For enterprise users like you, with hundreds of vehicles, not using the software should be considered a crime. It’s very easy to miss something when not using it.

And see section 9 of the user manual.

We just went through it and my impression is that this is good for a first user or new hardware configuration. Nice work! Though we already have a system in place to store the params (between different ardupilot versions and different hardware) and make sure all drones have the correct parameters at all time.

The tool didn’t mark anything, sadly.

Going deeper the rabbit hole in the log (http://uwsoftware.be/2024-10-31%2011-51-35.bin):

  1. AHRS2: looks to give the yaw we observed during flight

This is the DCM, iiuc, (magnetometor only)

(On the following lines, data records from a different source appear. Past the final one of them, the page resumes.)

lemma sublinear_minorants_chain_lower_bound:
  assumes V: "fun_subspace V" and q: "sublinear_on V q"
    and C: "C \<noteq> {}" "C \<subseteq> sublinear_minorants V q"
    and chain: "\<And>a b. a \<in> C \<Longrightarrow> b \<in> C \<Longrightarrow> (\<forall>v\<in>V. a v \<le> b v) \<or> (\<forall>v\<in>V. b v \<le> a v)"
  shows "\<exists>u\<in>sublinear_minorants V q. \<forall>r\<in>C. \<forall>v\<in>V. u v \<le> r v"
proof -
  have sub: "sublinear_on V r" and le_q: "\<forall>v\<in>V. r v \<le> q v" if "r \<in> C" for r
    using that C(2) by (auto simp: sublinear_minorants_def)
  have "- q (\<lambda>i. - v i) \<le> r v" if "r \<in> C" "v \<in> V" for r v
    using le_q[OF that(1)] fun_subspace_uminus[OF V that(2)] sublinear_on_uminus_ge[OF V sub[OF that(1)] that(2)]
    by force
  then have bdd: "bdd_below ((\<lambda>r. r v) ` C)" if "v \<in> V" for v
    using that by (intro bdd_belowI[where m = "- q (\<lambda>i. - v i)"]) auto
  define u where "u v = (if v \<in> V then INF r\<in>C. r v else 0)" for v
  have u_le: "\<forall>r\<in>C. \<forall>v\<in>V. u v \<le> r v"
    using cINF_lower[OF bdd] by (simp add: u_def)
  have "u v = (INF r\<in>C. r v)" if "v \<in> V" for v
    using that by (simp add: u_def)
  then have "sublinear_on V u"
    using sublinear_on_cong[OF V sublinear_on_chain_INF[OF V C(1) sub chain bdd]] by blast
  moreover obtain r0 where "r0 \<in> C"
    using C(1) by auto
  ultimately have "u \<in> sublinear_minorants V q"
    using u_le le_q by (force simp: sublinear_minorants_def u_def intro: order_trans)
  with u_le show ?thesis
    by blast
qed

lemma partial_order_on_sublinear_minorants:
  "partial_order_on (sublinear_minorants V q)
     (relation_of (\<lambda>a b. \<forall>v\<in>V. b v \<le> a v) (sublinear_minorants V q))"
proof -
  have "x = y" if "x \<in> sublinear_minorants V q" "y \<in> sublinear_minorants V q"
    "\<forall>v\<in>V. y v \<le> x v" "\<forall>v\<in>V. x v \<le> y v" for x y
  proof
    fix v
    show "x v = y v"
      using that by (cases "v \<in> V") (auto simp: sublinear_minorants_def intro: order_antisym)
  qed
  then show ?thesis
    unfolding partial_order_on_def preorder_on_def refl_on_def trans_on_def antisym_on_def
    by (auto simp: relation_of_def) (meson order_trans)
qed

text \<open>Zorn's lemma yields a minimal sublinear functional below q, which is linear.\<close>

theorem hahn_banach_sublinear_on:
  assumes V: "fun_subspace V" and q: "sublinear_on V q"
  shows "\<exists>\<psi>. linear_on V \<psi> \<and> (\<forall>v\<in>V. \<psi> v \<le> q v)"
proof -
  define A where "A = sublinear_minorants V q"
  define above where "above a b \<longleftrightarrow> (\<forall>v\<in>V. b v \<le> a v)" for a b :: "('a \<Rightarrow> real) \<Rightarrow> real"
  have "partial_order_on A (relation_of above A)"
    unfolding A_def above_def by (rule partial_order_on_sublinear_minorants)
  moreover have "\<exists>u\<in>A. \<forall>a\<in>C. above a u" if C: "C \<in> Chains (relation_of above A)" for C
  proof (cases "C = {}")
    case True
    have "(\<lambda>v. if v \<in> V then q v else 0) \<in> A"
      unfolding A_def sublinear_minorants_def using sublinear_on_cong[OF V q] by auto
    with True show ?thesis
      by auto
  next
    case False
    have "C \<subseteq> A"
      using C unfolding Chains_def relation_of_def by auto
    moreover have "(\<forall>v\<in>V. a v \<le> b v) \<or> (\<forall>v\<in>V. b v \<le> a v)" if "a \<in> C" "b \<in> C" for a b
      using C that unfolding Chains_def relation_of_def above_def by auto
    ultimately show ?thesis
      using sublinear_minorants_chain_lower_bound[OF V q False] by (simp add: A_def above_def)
  qed
  ultimately obtain m where m: "m \<in> A" and maximal: "\<forall>a\<in>A. above m a \<longrightarrow> a = m"
    using predicate_Zorn by blast
  have "\<forall>r\<in>sublinear_minorants V m. \<forall>v\<in>V. r v = m v"
  proof (intro ballI)
    fix r v
    assume "r \<in> sublinear_minorants V m" "v \<in> V"
    with m have "r \<in> A" "above m r"
      by (force simp: A_def sublinear_minorants_def above_def)+
    with maximal \<open>v \<in> V\<close> show "r v = m v"
      by blast
  qed
  then have "linear_on V m"
    using m by (intro minimal_sublinear_on_linear_on[OF V]) (simp_all add: A_def sublinear_minorants_def)
  with m show ?thesis
    by (auto simp: A_def sublinear_minorants_def)
qed

subsection \<open>Linear minorants nonnegative on a cone\<close>

definition cone_shift_inf :: "(('i \<Rightarrow> real) \<Rightarrow> real) \<Rightarrow> ('i \<Rightarrow> real) set \<Rightarrow> ('i \<Rightarrow> real) \<Rightarrow> real" where
  "cone_shift_inf p K v = (INF k\<in>K. p (\<lambda>i. v i + k i))"

lemma cone_shift_inf_le:
  assumes V: "fun_subspace V" and p: "sublinear_on V p" and K: "K \<subseteq> V"
    and p_K: "\<forall>k\<in>K. 0 \<le> p k" and v: "v \<in> V" and k: "k \<in> K"
  shows "cone_shift_inf p K v \<le> p (\<lambda>i. v i + k i)"
proof -
  have "- p (\<lambda>i. - v i) \<le> p (\<lambda>i. v i + k i)" if "k \<in> K" for k
  proof -
    have "p (\<lambda>i. (v i + k i) + - v i) \<le> p (\<lambda>i. v i + k i) + p (\<lambda>i. - v i)"
      using that K v by (intro sublinear_onD_add[OF p] fun_subspace_add[OF V] fun_subspace_uminus[OF V]) auto
    moreover have "0 \<le> p k"
      using p_K that by blast
    ultimately show ?thesis
      by simp
  qed
  then show ?thesis
    unfolding cone_shift_inf_def using k
    by (intro cINF_lower bdd_belowI[where m = "- p (\<lambda>i. - v i)"]) auto
qed

lemma cone_shift_inf_greatest:
  "convex_fun_cone K \<Longrightarrow> (\<And>k. k \<in> K \<Longrightarrow> m \<le> p (\<lambda>i. v i + k i)) \<Longrightarrow> m \<le> cone_shift_inf p K v"
  unfolding cone_shift_inf_def by (intro cINF_greatest) (auto dest: convex_fun_cone_zero)

lemma cone_shift_inf_scale_le:
  assumes V: "fun_subspace V" and p: "sublinear_on V p" and K: "convex_fun_cone K" "K \<subseteq> V"
    and p_K: "\<forall>k\<in>K. 0 \<le> p k" and c: "0 < c" and v: "v \<in> V"
  shows "cone_shift_inf p K (\<lambda>i. c * v i) \<le> c * cone_shift_inf p K v"
proof -
  have "cone_shift_inf p K (\<lambda>i. c * v i) / c \<le> cone_shift_inf p K v"
  proof (rule cone_shift_inf_greatest[OF K(1)])
    fix k
    assume k: "k \<in> K"
    have "cone_shift_inf p K (\<lambda>i. c * v i) \<le> p (\<lambda>i. c * v i + c * k i)"
      using cone_shift_inf_le[OF V p K(2) p_K fun_subspace_scale[OF V v]
          convex_fun_cone_scale[OF K(1) _ k]] c by simp
    also have "\<dots> = c * p (\<lambda>i. v i + k i)"
      using sublinear_onD_scale[OF p _ fun_subspace_add[OF V v], of c k] c k K(2)
      by (auto simp: distrib_left)
    finally show "cone_shift_inf p K (\<lambda>i. c * v i) / c \<le> p (\<lambda>i. v i + k i)"
      using c by (simp add: field_simps)
  qed
  then show ?thesis
    using c by (simp add: field_simps)
qed

lemma cone_shift_inf_zero:
  assumes V: "fun_subspace V" and p: "sublinear_on V p" and K: "convex_fun_cone K" "K \<subseteq> V"
    and p_K: "\<forall>k\<in>K. 0 \<le> p k"
  shows "cone_shift_inf p K (\<lambda>i. 0) = 0"
proof (rule antisym)
  show "cone_shift_inf p K (\<lambda>i. 0) \<le> 0"
    using cone_shift_inf_le[OF V p K(2) p_K fun_subspace_zero[OF V] convex_fun_cone_zero[OF K(1)]]
      sublinear_on_zero[OF V p] by simp
  show "0 \<le> cone_shift_inf p K (\<lambda>i. 0)"
    using p_K by (intro cone_shift_inf_greatest[OF K(1)]) simp
qed

lemma cone_shift_inf_add_le:
  assumes V: "fun_subspace V" and p: "sublinear_on V p" and K: "convex_fun_cone K" "K \<subseteq> V"
    and p_K: "\<forall>k\<in>K. 0 \<le> p k" and u: "u \<in> V" and v: "v \<in> V"
  shows "cone_shift_inf p K (\<lambda>i. u i + v i) \<le> cone_shift_inf p K u + cone_shift_inf p K v"
proof -
  note lower = cone_shift_inf_le[OF V p K(2) p_K] and greatest = cone_shift_inf_greatest[OF K(1)]
  have "cone_shift_inf p K (\<lambda>i. u i + v i) - p (\<lambda>i. v i + k2 i) \<le> cone_shift_inf p K u"
    if k2: "k2 \<in> K" for k2
  proof (rule greatest)
    fix k1
    assume k1: "k1 \<in> K"
    have "cone_shift_inf p K (\<lambda>i. u i + v i) \<le> p (\<lambda>i. (u i + k1 i) + (v i + k2 i))"
      using lower[OF fun_subspace_add[OF V u v] convex_fun_cone_add[OF K(1) k1 k2]]
      by (simp add: algebra_simps)
    also have "\<dots> \<le> p (\<lambda>i. u i + k1 i) + p (\<lambda>i. v i + k2 i)"
      using K(2) k1 k2 by (intro sublinear_onD_add[OF p] fun_subspace_add[OF V] u v) auto
    finally show "cone_shift_inf p K (\<lambda>i. u i + v i) - p (\<lambda>i. v i + k2 i) \<le> p (\<lambda>i. u i + k1 i)"
      by simp
  qed
  then have "cone_shift_inf p K (\<lambda>i. u i + v i) - cone_shift_inf p K u \<le> cone_shift_inf p K v"
    by (intro greatest) (simp add: algebra_simps)
  then show ?thesis
    by simp
qed

lemma sublinear_on_cone_shift_inf:
  assumes V: "fun_subspace V" and p: "sublinear_on V p" and K: "convex_fun_cone K" "K \<subseteq> V"
    and p_K: "\<forall>k\<in>K. 0 \<le> p k"
  shows "sublinear_on V (cone_shift_inf p K)"
  unfolding sublinear_on_def
  using cone_shift_inf_add_le[OF V p K p_K] positively_homogeneous_if_scale_le[of V "cone_shift_inf p K", OF V
      cone_shift_inf_scale_le[OF V p K p_K] cone_shift_inf_zero[OF V p K p_K]]
  by blast

text \<open>Hahn--Banach applied to the infimal shift over K gives a minorant psi with
  psi(-k) \<le> p(-k + k) = 0 on the cone.\<close>

lemma linear_minorant_nonneg_on_cone:
  assumes V: "fun_subspace V" and p: "sublinear_on V p" and K: "convex_fun_cone K" "K \<subseteq> V"
    and p_K: "\<forall>k\<in>K. 0 \<le> p k"
  shows "\<exists>\<psi>. linear_on V \<psi> \<and> (\<forall>v\<in>V. \<psi> v \<le> p v) \<and> (\<forall>k\<in>K. 0 \<le> \<psi> k)"
proof -
  note lower = cone_shift_inf_le[OF V p K(2) p_K]
  obtain \<psi> where \<psi>: "linear_on V \<psi>" and \<psi>_le: "\<And>v. v \<in> V \<Longrightarrow> \<psi> v \<le> cone_shift_inf p K v"
    using hahn_banach_sublinear_on[OF V sublinear_on_cone_shift_inf[OF V p K p_K]] by blast
  have "\<psi> v \<le> p v" if "v \<in> V" for v
    using \<psi>_le[OF that] lower[OF that convex_fun_cone_zero[OF K(1)]] by simp
  moreover have "0 \<le> \<psi> k" if k: "k \<in> K" for k
  proof -
    have kV: "k \<in> V"
      using K(2) k by blast
    have "\<psi> (\<lambda>i. (-1) * k i) \<le> p (\<lambda>i. (-1) * k i + k i)"
      using \<psi>_le[OF fun_subspace_scale[OF V kV, of "-1"]]
        lower[OF fun_subspace_scale[OF V kV, of "-1"] k] by linarith
    then show ?thesis
      using linear_onD_scale[OF \<psi> kV, of "-1"] sublinear_on_zero[OF V p] by simp
  qed
  ultimately show ?thesis
    using \<psi> by blast
qed

subsection \<open>Positive functionals on bounded functions\<close>

lemma linfty_iff: "u \<in> linfty \<longleftrightarrow> (\<exists>B. \<forall>i. \<bar>u i\<bar> \<le> B)"
  unfolding linfty_def bounded_iff by auto

lemma linfty_const: "(\<lambda>i. c) \<in> linfty"
  by (auto simp: linfty_iff)

lemma linfty_bdd_above: "u \<in> linfty \<Longrightarrow> bdd_above (range u)"
  unfolding linfty_def by (simp add: bounded_imp_bdd_above)

lemma linfty_case_option:
  assumes "u \<in> linfty"
  shows "case_option a u \<in> linfty"
proof -
  obtain B where "\<forall>l. \<bar>u l\<bar> \<le> B"
    using assms by (auto simp: linfty_iff)
  then have "\<bar>case_option a u i\<bar> \<le> max \<bar>a\<bar> B" for i
    by (cases i) (auto simp: le_max_iff_disj)
  then show ?thesis
    by (auto simp: linfty_iff)
qed

lemma SUP_le_iff_linfty: "u \<in> linfty \<Longrightarrow> (SUP i. u i) \<le> c \<longleftrightarrow> (\<forall>i. u i \<le> c)"
  by (simp add: cSUP_le_iff linfty_bdd_above)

  1. EKY0: looks to give the yaw we observed during flight

This is the GSF, iiuc, (everything without magnetometer)

So all sensors agree on the direction the compass is going. Except XKF1 (EKF3) thinks on all cores that we are rotating the other way around ?!?

Interestingly after using “Replay” on a log with LOG_REPLAY=2 and LOG_DISARMED=1 the XKF1.yaw is correct when I use EK3_MAG_CAL=2 .
Not sure which conclusions that gives …

(The first flight of this log Dropbox )

I’ve been playing with the parameters and replay. But very confused by EK3_MAG_M_NSE and EK3_YAW_M_NSE. What is the difference?

The values seems better with:

EK3_YAW_M_NSE: 0.1 (instead of default 0.5)

Am I correct that this is only used when not fusing IMU / GPS and compass together. E.g. at yaw reset? This gives a lot extra confidence to compass. Could it be because GPS has no heading yet, since it hasn’t moved in a direction yet? This helps predominantly at start of a flight.

EK3_MAG_M_NSE: 0.12 (instead of default 0.05)

What does this do? This seem to help towards the middle/end of the flight.

  • Before: green, orange, red
  • After: blue, pink, purple
  • Compass: black

NOTE: during the log we have not moved in X,Y. Only hovered. When moving we should trust IMU/GPS more. So these are not ideal values.